Your assignment → Return only this: the line with "(\<forall>g\<in>G. homeomorphic_map X" and all the lines that follow it below, through the final one, exactly as they are.

Saved data entries
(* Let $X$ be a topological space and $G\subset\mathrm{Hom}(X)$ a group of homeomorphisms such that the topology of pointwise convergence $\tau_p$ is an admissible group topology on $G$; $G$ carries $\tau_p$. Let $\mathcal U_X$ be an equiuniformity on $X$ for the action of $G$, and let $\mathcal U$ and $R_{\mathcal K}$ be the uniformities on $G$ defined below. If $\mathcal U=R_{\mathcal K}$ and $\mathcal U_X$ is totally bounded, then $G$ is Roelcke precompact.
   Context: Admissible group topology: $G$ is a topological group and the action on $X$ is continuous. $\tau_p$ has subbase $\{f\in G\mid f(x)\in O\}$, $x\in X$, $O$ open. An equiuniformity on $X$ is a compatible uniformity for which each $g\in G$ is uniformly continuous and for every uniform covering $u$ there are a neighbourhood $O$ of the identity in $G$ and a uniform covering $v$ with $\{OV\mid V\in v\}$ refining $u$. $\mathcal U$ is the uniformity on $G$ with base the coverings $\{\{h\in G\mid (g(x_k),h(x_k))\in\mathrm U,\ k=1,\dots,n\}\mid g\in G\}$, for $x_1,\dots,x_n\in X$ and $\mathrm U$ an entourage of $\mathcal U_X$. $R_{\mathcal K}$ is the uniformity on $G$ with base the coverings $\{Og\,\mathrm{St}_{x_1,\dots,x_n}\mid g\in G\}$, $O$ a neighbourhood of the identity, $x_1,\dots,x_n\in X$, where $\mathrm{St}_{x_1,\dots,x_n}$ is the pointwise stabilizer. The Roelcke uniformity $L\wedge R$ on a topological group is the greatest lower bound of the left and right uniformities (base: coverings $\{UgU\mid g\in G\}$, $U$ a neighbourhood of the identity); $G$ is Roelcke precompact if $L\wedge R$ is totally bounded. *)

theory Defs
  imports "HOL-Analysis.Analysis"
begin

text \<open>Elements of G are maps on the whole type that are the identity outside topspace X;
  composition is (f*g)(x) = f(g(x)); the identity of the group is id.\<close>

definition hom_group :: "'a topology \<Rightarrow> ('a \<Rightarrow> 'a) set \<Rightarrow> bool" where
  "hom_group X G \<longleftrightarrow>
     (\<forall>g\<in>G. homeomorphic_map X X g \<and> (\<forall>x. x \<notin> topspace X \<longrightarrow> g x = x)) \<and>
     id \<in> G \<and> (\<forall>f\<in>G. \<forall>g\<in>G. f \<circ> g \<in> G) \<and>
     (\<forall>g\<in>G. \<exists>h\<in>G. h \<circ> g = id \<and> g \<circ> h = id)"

Written solution →
     (\<forall>g\<in>G. homeomorphic_map X X g \<and> (\<forall>x. x \<notin> topspace X \<longrightarrow> g x = x)) \<and>
     id \<in> G \<and> (\<forall>f\<in>G. \<forall>g\<in>G. f \<circ> g \<in> G) \<and>
     (\<forall>g\<in>G. \<exists>h\<in>G. h \<circ> g = id \<and> g \<circ> h = id)"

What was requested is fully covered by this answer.